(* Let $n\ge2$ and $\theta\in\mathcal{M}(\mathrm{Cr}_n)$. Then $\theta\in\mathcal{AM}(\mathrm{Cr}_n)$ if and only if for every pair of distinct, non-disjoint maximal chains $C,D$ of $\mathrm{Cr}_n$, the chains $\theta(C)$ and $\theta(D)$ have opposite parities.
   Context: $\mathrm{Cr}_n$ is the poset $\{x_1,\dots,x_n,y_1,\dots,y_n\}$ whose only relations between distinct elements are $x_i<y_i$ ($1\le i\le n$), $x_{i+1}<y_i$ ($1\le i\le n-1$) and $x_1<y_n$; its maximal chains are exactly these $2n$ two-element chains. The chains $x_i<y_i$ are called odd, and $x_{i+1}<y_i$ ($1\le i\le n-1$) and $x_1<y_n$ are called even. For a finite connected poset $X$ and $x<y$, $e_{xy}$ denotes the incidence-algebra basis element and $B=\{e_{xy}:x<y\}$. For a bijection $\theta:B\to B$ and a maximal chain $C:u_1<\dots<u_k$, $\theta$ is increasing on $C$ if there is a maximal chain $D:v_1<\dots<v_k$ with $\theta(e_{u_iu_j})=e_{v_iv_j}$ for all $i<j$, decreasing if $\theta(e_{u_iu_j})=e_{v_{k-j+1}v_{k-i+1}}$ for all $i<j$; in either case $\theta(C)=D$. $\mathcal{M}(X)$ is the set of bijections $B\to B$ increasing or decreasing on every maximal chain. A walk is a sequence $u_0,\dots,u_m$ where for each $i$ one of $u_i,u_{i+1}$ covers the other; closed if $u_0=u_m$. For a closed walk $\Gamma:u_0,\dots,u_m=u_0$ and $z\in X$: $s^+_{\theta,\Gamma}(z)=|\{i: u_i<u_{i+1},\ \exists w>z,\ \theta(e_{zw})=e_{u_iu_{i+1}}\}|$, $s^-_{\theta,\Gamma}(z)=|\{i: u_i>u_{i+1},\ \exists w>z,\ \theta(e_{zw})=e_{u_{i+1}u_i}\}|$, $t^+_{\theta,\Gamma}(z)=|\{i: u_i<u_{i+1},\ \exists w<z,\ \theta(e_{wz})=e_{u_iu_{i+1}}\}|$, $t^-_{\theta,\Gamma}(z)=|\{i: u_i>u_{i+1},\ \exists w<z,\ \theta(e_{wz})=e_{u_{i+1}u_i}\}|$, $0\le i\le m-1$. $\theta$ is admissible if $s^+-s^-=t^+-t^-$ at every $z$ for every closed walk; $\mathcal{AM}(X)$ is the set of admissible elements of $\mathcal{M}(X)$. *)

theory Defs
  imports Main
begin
---
Each entry above must be repeated word for word.

**Answer to the exercise:**
(* Let $n\ge2$ and $\theta\in\mathcal{M}(\mathrm{Cr}_n)$. Then $\theta\in\mathcal{AM}(\mathrm{Cr}_n)$ if and only if for every pair of distinct, non-disjoint maximal chains $C,D$ of $\mathrm{Cr}_n$, the chains $\theta(C)$ and $\theta(D)$ have opposite parities.
   Context: $\mathrm{Cr}_n$ is the poset $\{x_1,\dots,x_n,y_1,\dots,y_n\}$ whose only relations between distinct elements are $x_i<y_i$ ($1\le i\le n$), $x_{i+1}<y_i$ ($1\le i\le n-1$) and $x_1<y_n$; its maximal chains are exactly these $2n$ two-element chains. The chains $x_i<y_i$ are called odd, and $x_{i+1}<y_i$ ($1\le i\le n-1$) and $x_1<y_n$ are called even. For a finite connected poset $X$ and $x<y$, $e_{xy}$ denotes the incidence-algebra basis element and $B=\{e_{xy}:x<y\}$. For a bijection $\theta:B\to B$ and a maximal chain $C:u_1<\dots<u_k$, $\theta$ is increasing on $C$ if there is a maximal chain $D:v_1<\dots<v_k$ with $\theta(e_{u_iu_j})=e_{v_iv_j}$ for all $i<j$, decreasing if $\theta(e_{u_iu_j})=e_{v_{k-j+1}v_{k-i+1}}$ for all $i<j$; in either case $\theta(C)=D$. $\mathcal{M}(X)$ is the set of bijections $B\to B$ increasing or decreasing on every maximal chain. A walk is a sequence $u_0,\dots,u_m$ where for each $i$ one of $u_i,u_{i+1}$ covers the other; closed if $u_0=u_m$. For a closed walk $\Gamma:u_0,\dots,u_m=u_0$ and $z\in X$: $s^+_{\theta,\Gamma}(z)=|\{i: u_i<u_{i+1},\ \exists w>z,\ \theta(e_{zw})=e_{u_iu_{i+1}}\}|$, $s^-_{\theta,\Gamma}(z)=|\{i: u_i>u_{i+1},\ \exists w>z,\ \theta(e_{zw})=e_{u_{i+1}u_i}\}|$, $t^+_{\theta,\Gamma}(z)=|\{i: u_i<u_{i+1},\ \exists w<z,\ \theta(e_{wz})=e_{u_iu_{i+1}}\}|$, $t^-_{\theta,\Gamma}(z)=|\{i: u_i>u_{i+1},\ \exists w<z,\ \theta(e_{wz})=e_{u_{i+1}u_i}\}|$, $0\le i\le m-1$. $\theta$ is admissible if $s^+-s^-=t^+-t^-$ at every $z$ for every closed walk; $\mathcal{AM}(X)$ is the set of admissible elements of $\mathcal{M}(X)$. *)

theory Defs
  imports Main
begin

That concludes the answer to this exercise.